Section Two shifts its focus to the world around us, offering meditations on objects and scenes that reflect human interactions with the environment. Beginning with an intricately observed ekphrastic poem prompted by a postcard, this section introduces us to the landscape of the poet’s Mississippi and culminates in a poem that ponders the Mississippi Civil Rights Museum, which is also an homage to Lucille Clifton.
Section Three, “The Astonishing Light,” is an extended exploration of racial justice, responsibility, and relationships, based on the poet’s experience of co-teaching a creative writing class to inmates at Parchman Prison in Mississippi.
Section Four includes poems about travel and teaching, as the poet both learns from and teaches others in settings from Northern California to Costa Rica. The section also encompasses a series of letter poems to Jennifer, and the remarkable “Thum,” an elegy that unpacks a shared childhood memory, merging the bitter taste of the liquid painted on the two sisters’ thumbs with the bitterness of loss.
Section Five returns to the themes of loss and rebirth, including the title poem, “Paradise is Jagged,” concluding with an elegy to the great teacher Thich Nhat Hanh.
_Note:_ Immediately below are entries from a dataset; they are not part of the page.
section \<open>Elements of prime order\<close>

lemma socle_cyclic_of_finite_height:
  fixes p :: int and s :: "'a::ab_group_add"
  assumes ce: "centrally_essential (End_ring TYPE('a))" and p: "prime p"
    and s: "zsmul p s = 0" "s \<notin> range (zsmul (p ^ j))" and z: "zsmul p z = 0"
  shows "z \<in> multiples s"
proof -
  obtain N y where sy: "s = zsmul (p ^ N) y" and height: "s \<notin> range (zsmul (p ^ Suc N))"
    using finite_height_witness[OF s(2)] by blast
  have "s \<noteq> 0"
    using height rangeI[of "zsmul (p ^ Suc N)" 0] by auto
  moreover have "zsmul (p ^ Suc N) y = 0"
    using s(1) sy by (simp add: zsmul_mult)
  ultimately have ord: "annihilator y = {k. p ^ Suc N dvd k}"
    using annihilator_prime_power[OF p] sy by simp
  moreover have "p ^ Suc N \<noteq> 0"
    using p by auto
  ultimately obtain r where "retraction r (multiples y)"
    using pure_cyclic_retraction pure_of_finite_height[OF p sy s(1) height] by blast
  moreover have "annihilator y \<subseteq> annihilator z"
    using ord zsmul_eq_0_dvd[OF z] by (auto simp: dvd_mult_left)
  ultimately have "z \<in> multiples y"
    by (rule cyclic_retraction_absorbs[OF ce])
  then obtain a where a: "z = zsmul a y"
    by blast
  then have "p * a \<in> annihilator y"
    using z by (simp add: zsmul_mult)
  then have "p * p ^ N dvd p * a"
    using ord by simp
  then obtain a' where "a = p ^ N * a'"
    using p by (auto elim!: dvdE)
  then have "z = zsmul a' s"
    using a sy by (simp add: zsmul_mult mult.commute)
  then show ?thesis
    by auto
qed

lemma divisible_by_prime_of_infinite_height:
  fixes w :: "'a::ab_group_add"
  assumes inf: "\<forall>(s::'a) j. zsmul p s = 0 \<longrightarrow> s \<in> range (zsmul (p ^ j))"
  shows "zsmul (p ^ j) w = 0 \<Longrightarrow> w \<in> range (zsmul p)"
proof (induction j arbitrary: w)
  case 0
  then show ?case
    using rangeI[of "zsmul p" 0] by simp
next
  case (Suc j)
  have "zsmul p (zsmul (p ^ j) w) = 0"
    using Suc.prems by (simp add: zsmul_mult mult.commute flip: zsmul_mult)
  then have "zsmul (p ^ j) w \<in> range (zsmul (p ^ Suc j))"
    using inf by blast
  then obtain c where c: "zsmul (p ^ j) w = zsmul (p ^ Suc j) c"
    by blast
  have "zsmul (p ^ j) (w - zsmul p c) = 0"
    using c by (simp add: zsmul_diff_right mult.commute flip: zsmul_mult)
  then obtain b where "w - zsmul p c = zsmul p b"
    using Suc.IH by blast
  then have "w = zsmul p (b + c)"
    by (simp add: zsmul_add_right algebra_simps)
  then show ?case
    by blast
qed

lemma prufer_sequence_exists:
  fixes z :: "'a::ab_group_add"
  assumes inf: "\<forall>(s::'a) j. zsmul p s = 0 \<longrightarrow> s \<in> range (zsmul (p ^ j))" and "zsmul p z = 0"
  shows "\<exists>zs. (\<forall>i. zs i = zsmul p (zs (Suc i))) \<and> (\<forall>i. zsmul (p ^ i) (zs i) = z)"
proof -
  have "\<exists>y. zsmul (p ^ Suc n) y = z \<and> x = zsmul p y" if "zsmul (p ^ n) x = z" for n x
  proof -
    have "zsmul (p ^ Suc n) x = 0"
      using that \<open>zsmul p z = 0\<close> by (simp add: zsmul_mult)
    then obtain y where "x = zsmul p y"
      using divisible_by_prime_of_infinite_height[OF inf] by blast
    moreover have "zsmul (p ^ Suc n) y = zsmul (p ^ n) (zsmul p y)"
      by (simp only: power_Suc2 zsmul_mult)
    ultimately show ?thesis
      using that by auto
  qed
  then have "\<exists>zs. \<forall>i. zsmul (p ^ i) (zs i) = z \<and> zs i = zsmul p (zs (Suc i))"
    by (intro dependent_nat_choice[of "\<lambda>i x. zsmul (p ^ i) x = z"]) auto
  then show ?thesis
    by blast
qed

lemma subgroup_Union_multiples_chain:
  assumes chain: "\<And>i. zs i \<in> multiples (zs (Suc i))"
  shows "subgroup_add (\<Union>i. multiples (zs i))" (is "subgroup_add ?D")
proof -
  have "multiples (zs i) \<subseteq> multiples (zs (Suc i))" for i
    using chain multiples_trans by blast
  then have up: "multiples (zs i) \<subseteq> multiples (zs j)" if "i \<le> j" for i j
    using lift_Suc_mono_le[of "\<lambda>i. multiples (zs i)", OF _ that] by blast
  show ?thesis
    unfolding subgroup_add_def
  proof (intro conjI ballI)
    show "0 \<in> ?D"
      using subgroup_add_zero[OF subgroup_multiples] by blast
  next
    fix a b assume "a \<in> ?D" "b \<in> ?D"
    then obtain i j where "a \<in> multiples (zs i)" "b \<in> multiples (zs j)"
      by blast
    then have "a \<in> multiples (zs (max i j))" "b \<in> multiples (zs (max i j))"
      using up[of i "max i j"] up[of j "max i j"] by auto
    then have "a + b \<in> multiples (zs (max i j))"
      by (rule subgroup_add_add[OF subgroup_multiples])
    then show "a + b \<in> ?D"
      by blast
  next
    fix a assume "a \<in> ?D"
    then show "- a \<in> ?D"
      using subgroup_add_minus[OF subgroup_multiples] by blast
  qed
qed

lemma prufer_subgroup_divisible:
  fixes p :: int
  assumes p: "prime p" and step: "\<forall>i. zs i = zsmul p (zs (Suc i))"
    and top: "\<forall>i. zsmul (p ^ i) (zs i) = z" and "zsmul p z = 0"
  shows "divisible_subgroup (\<Union>i. multiples (zs i))" (is "divisible_subgroup ?D")
proof (rule divisible_subgroupI_primes)
  show "subgroup_add ?D"
    using step by (intro subgroup_Union_multiples_chain) (metis multiplesI)
next
  fix q :: nat and x assume q: "prime q" and "x \<in> ?D"
  then obtain k i where x: "x = zsmul k (zs i)"
    by blast
  show "\<exists>e\<in>?D. zsmul (int q) e = x"
  proof (cases "int q = p")
    case True
    have "x = zsmul k (zsmul p (zs (Suc i)))"
      using x step by metis
    then have "zsmul (int q) (zsmul k (zs (Suc i))) = x"
      using True by (simp add: zsmul_commute)
    then show ?thesis
      by blast
  next
    case False
    then have "coprime (int q) (p ^ Suc i)"
      using primes_coprime[of "int q" p] q p by simp
    moreover have "zsmul (p ^ Suc i) (zs i) = 0"
      using top \<open>zsmul p z = 0\<close> by (metis power_Suc zsmul_mult)
    ultimately obtain c where "zsmul (int q) (zsmul c (zs i)) = zs i"
      by (rule zsmul_coprime_inverse)
    then have "zsmul (int q) (zsmul k (zsmul c (zs i))) = x"
      using x by (metis zsmul_commute)
    moreover have "zsmul k (zsmul c (zs i)) \<in> ?D"
      by (auto simp flip: zsmul_mult)
    ultimately show ?thesis
      by blast
  qed
qed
These poems honor the transformative love that breaks open our hearts and enables us to find the jagged paradise wherever we live. The title poem is a reverse acrostic, the first line beginning with the last letter of the alphabet, a fitting form for an energetic poem—and collection—that explores the interconnection of all things.
Zing!
You’re alive, aren’t you?
X-rays show nothing wrong,
why fight against this happiness?
–violets clustering between the bricks on the front walk,
under the pecan trees, spider lilies intricate and scarlet,
Theo the tuxedo cat lapping cream on the porch. (90)
I read this poem numerous times before recognizing its form. The poet’s voice is so compelling and her images so specific that the pressure of reverse alphabetical order was hidden from me. My own favorite poem in this section is “Pecans,” an homage to the poet’s home in Oxford, Mississippi next to just such a tree—likely the same one that appears in “Jagged Paradise.”
[H]undreds of pecans stand out tawny against
the mud, fallen leaves, matted grass,
and I can’t stop drifting around the yard,
stuffing them in my pockets,
the poet writes of the “gift / November offers in Mississippi after a freeze.” The nuts may or may not be edible, the tree may even fall in a storm, but for now it is a source of plenty.
… We exist by grace
or chance in the free fall of every moment,
but for now, my life is full of sweetness, pecans
like little brains tucked in their bitter shells. (81)
At such imagistic moments in Fisher-Wirth’s poems—the pecans as little brains—the lyric dances with the narrative, the tree becomes a symbol of reciprocity as the human imagination seizes on what is there to delineate our hopes and search for meaning. “High in the branches, a few remaining / husks hang, open, dark, like agitated stars.”
Paradise is Jagged is a work of mature vision and an irrepressible zest for life, that urges us to pay attention to all there is to see around on this earth. It’s a book for the bedside table or the backpack, to be savored and enjoyed over and over again.
Ann Hostetler is the author of two collections of poetry, Safehold (2018) and Empty Room with Light (2002), and the editor of A Cappella: Mennonite Voices in Poetry (2003). Her poems have appeared in The American Scholar, Poet Lore, Valparaiso Poetry Review, and many other journals and anthologies. Hostetler is professor of English Emerita at Goshen College in Goshen, IN where she taught literature and creative writing for 22 years. She edits the Journal of Mennonite Writing.